--- Task to complete ---
The data must be returned in full and exactly as given.

----- Given data -----

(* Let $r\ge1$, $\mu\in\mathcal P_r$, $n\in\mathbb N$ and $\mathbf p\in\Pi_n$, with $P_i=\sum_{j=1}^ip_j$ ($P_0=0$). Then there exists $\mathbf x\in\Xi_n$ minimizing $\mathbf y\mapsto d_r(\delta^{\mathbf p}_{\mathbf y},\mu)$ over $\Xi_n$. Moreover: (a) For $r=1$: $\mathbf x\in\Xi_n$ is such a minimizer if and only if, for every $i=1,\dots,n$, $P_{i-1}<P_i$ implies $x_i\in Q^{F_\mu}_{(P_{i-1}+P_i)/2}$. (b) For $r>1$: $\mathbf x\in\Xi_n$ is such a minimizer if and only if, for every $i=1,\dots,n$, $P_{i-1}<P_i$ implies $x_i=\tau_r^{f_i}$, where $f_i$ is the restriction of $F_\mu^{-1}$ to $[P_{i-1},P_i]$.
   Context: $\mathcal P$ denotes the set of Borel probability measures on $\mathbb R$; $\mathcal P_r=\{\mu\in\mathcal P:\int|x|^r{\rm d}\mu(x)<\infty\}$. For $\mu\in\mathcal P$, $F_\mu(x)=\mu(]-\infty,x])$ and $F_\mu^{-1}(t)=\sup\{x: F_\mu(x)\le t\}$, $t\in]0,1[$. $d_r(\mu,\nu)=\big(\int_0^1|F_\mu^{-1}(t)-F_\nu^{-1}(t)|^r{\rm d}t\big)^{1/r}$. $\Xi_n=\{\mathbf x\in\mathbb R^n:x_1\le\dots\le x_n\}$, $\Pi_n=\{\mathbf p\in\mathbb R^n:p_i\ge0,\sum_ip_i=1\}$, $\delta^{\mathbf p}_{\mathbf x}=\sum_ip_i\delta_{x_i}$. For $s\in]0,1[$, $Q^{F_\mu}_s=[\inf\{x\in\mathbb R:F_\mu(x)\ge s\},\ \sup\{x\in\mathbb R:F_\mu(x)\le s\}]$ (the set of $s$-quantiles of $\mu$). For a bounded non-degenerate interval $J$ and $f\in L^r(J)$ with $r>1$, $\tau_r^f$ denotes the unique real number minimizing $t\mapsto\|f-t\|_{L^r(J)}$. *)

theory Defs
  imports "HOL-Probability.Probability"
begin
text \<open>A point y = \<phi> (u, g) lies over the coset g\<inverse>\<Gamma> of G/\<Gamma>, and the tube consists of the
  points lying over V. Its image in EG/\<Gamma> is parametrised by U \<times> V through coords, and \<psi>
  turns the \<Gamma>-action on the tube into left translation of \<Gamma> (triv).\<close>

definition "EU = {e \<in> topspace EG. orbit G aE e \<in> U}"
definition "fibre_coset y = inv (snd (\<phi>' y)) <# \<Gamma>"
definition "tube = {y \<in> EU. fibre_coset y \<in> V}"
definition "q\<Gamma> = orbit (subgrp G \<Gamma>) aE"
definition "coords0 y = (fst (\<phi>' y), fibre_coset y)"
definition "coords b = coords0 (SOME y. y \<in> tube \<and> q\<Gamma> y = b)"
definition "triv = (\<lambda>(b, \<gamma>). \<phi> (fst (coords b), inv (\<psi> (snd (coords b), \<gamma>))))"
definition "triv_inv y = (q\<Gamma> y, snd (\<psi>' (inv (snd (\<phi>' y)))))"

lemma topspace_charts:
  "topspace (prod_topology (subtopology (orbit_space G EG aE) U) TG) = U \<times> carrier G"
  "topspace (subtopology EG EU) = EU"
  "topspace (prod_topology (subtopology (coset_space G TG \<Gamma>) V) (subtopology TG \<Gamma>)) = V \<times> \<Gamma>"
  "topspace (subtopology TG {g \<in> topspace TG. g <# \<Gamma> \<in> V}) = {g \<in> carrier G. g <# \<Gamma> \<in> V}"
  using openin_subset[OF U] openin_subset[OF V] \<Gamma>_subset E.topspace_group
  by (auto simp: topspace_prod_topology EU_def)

-----

--- Response to the exercise ---
(* Let $r\ge1$, $\mu\in\mathcal P_r$, $n\in\mathbb N$ and $\mathbf p\in\Pi_n$, with $P_i=\sum_{j=1}^ip_j$ ($P_0=0$). Then there exists $\mathbf x\in\Xi_n$ minimizing $\mathbf y\mapsto d_r(\delta^{\mathbf p}_{\mathbf y},\mu)$ over $\Xi_n$. Moreover: (a) For $r=1$: $\mathbf x\in\Xi_n$ is such a minimizer if and only if, for every $i=1,\dots,n$, $P_{i-1}<P_i$ implies $x_i\in Q^{F_\mu}_{(P_{i-1}+P_i)/2}$. (b) For $r>1$: $\mathbf x\in\Xi_n$ is such a minimizer if and only if, for every $i=1,\dots,n$, $P_{i-1}<P_i$ implies $x_i=\tau_r^{f_i}$, where $f_i$ is the restriction of $F_\mu^{-1}$ to $[P_{i-1},P_i]$.
   Context: $\mathcal P$ denotes the set of Borel probability measures on $\mathbb R$; $\mathcal P_r=\{\mu\in\mathcal P:\int|x|^r{\rm d}\mu(x)<\infty\}$. For $\mu\in\mathcal P$, $F_\mu(x)=\mu(]-\infty,x])$ and $F_\mu^{-1}(t)=\sup\{x: F_\mu(x)\le t\}$, $t\in]0,1[$. $d_r(\mu,\nu)=\big(\int_0^1|F_\mu^{-1}(t)-F_\nu^{-1}(t)|^r{\rm d}t\big)^{1/r}$. $\Xi_n=\{\mathbf x\in\mathbb R^n:x_1\le\dots\le x_n\}$, $\Pi_n=\{\mathbf p\in\mathbb R^n:p_i\ge0,\sum_ip_i=1\}$, $\delta^{\mathbf p}_{\mathbf x}=\sum_ip_i\delta_{x_i}$. For $s\in]0,1[$, $Q^{F_\mu}_s=[\inf\{x\in\mathbb R:F_\mu(x)\ge s\},\ \sup\{x\in\mathbb R:F_\mu(x)\le s\}]$ (the set of $s$-quantiles of $\mu$). For a bounded non-degenerate interval $J$ and $f\in L^r(J)$ with $r>1$, $\tau_r^f$ denotes the unique real number minimizing $t\mapsto\|f-t\|_{L^r(J)}$. *)

theory Defs
  imports "HOL-Probability.Probability"
begin
text \<open>A point y = \<phi> (u, g) lies over the coset g\<inverse>\<Gamma> of G/\<Gamma>, and the tube consists of the
  points lying over V. Its image in EG/\<Gamma> is parametrised by U \<times> V through coords, and \<psi>
  turns the \<Gamma>-action on the tube into left translation of \<Gamma> (triv).\<close>

definition "EU = {e \<in> topspace EG. orbit G aE e \<in> U}"
definition "fibre_coset y = inv (snd (\<phi>' y)) <# \<Gamma>"
definition "tube = {y \<in> EU. fibre_coset y \<in> V}"
definition "q\<Gamma> = orbit (subgrp G \<Gamma>) aE"
definition "coords0 y = (fst (\<phi>' y), fibre_coset y)"
definition "coords b = coords0 (SOME y. y \<in> tube \<and> q\<Gamma> y = b)"
definition "triv = (\<lambda>(b, \<gamma>). \<phi> (fst (coords b), inv (\<psi> (snd (coords b), \<gamma>))))"
definition "triv_inv y = (q\<Gamma> y, snd (\<psi>' (inv (snd (\<phi>' y)))))"

lemma topspace_charts:
  "topspace (prod_topology (subtopology (orbit_space G EG aE) U) TG) = U \<times> carrier G"
  "topspace (subtopology EG EU) = EU"
  "topspace (prod_topology (subtopology (coset_space G TG \<Gamma>) V) (subtopology TG \<Gamma>)) = V \<times> \<Gamma>"
  "topspace (subtopology TG {g \<in> topspace TG. g <# \<Gamma> \<in> V}) = {g \<in> carrier G. g <# \<Gamma> \<in> V}"
  using openin_subset[OF U] openin_subset[OF V] \<Gamma>_subset E.topspace_group
  by (auto simp: topspace_prod_topology EU_def)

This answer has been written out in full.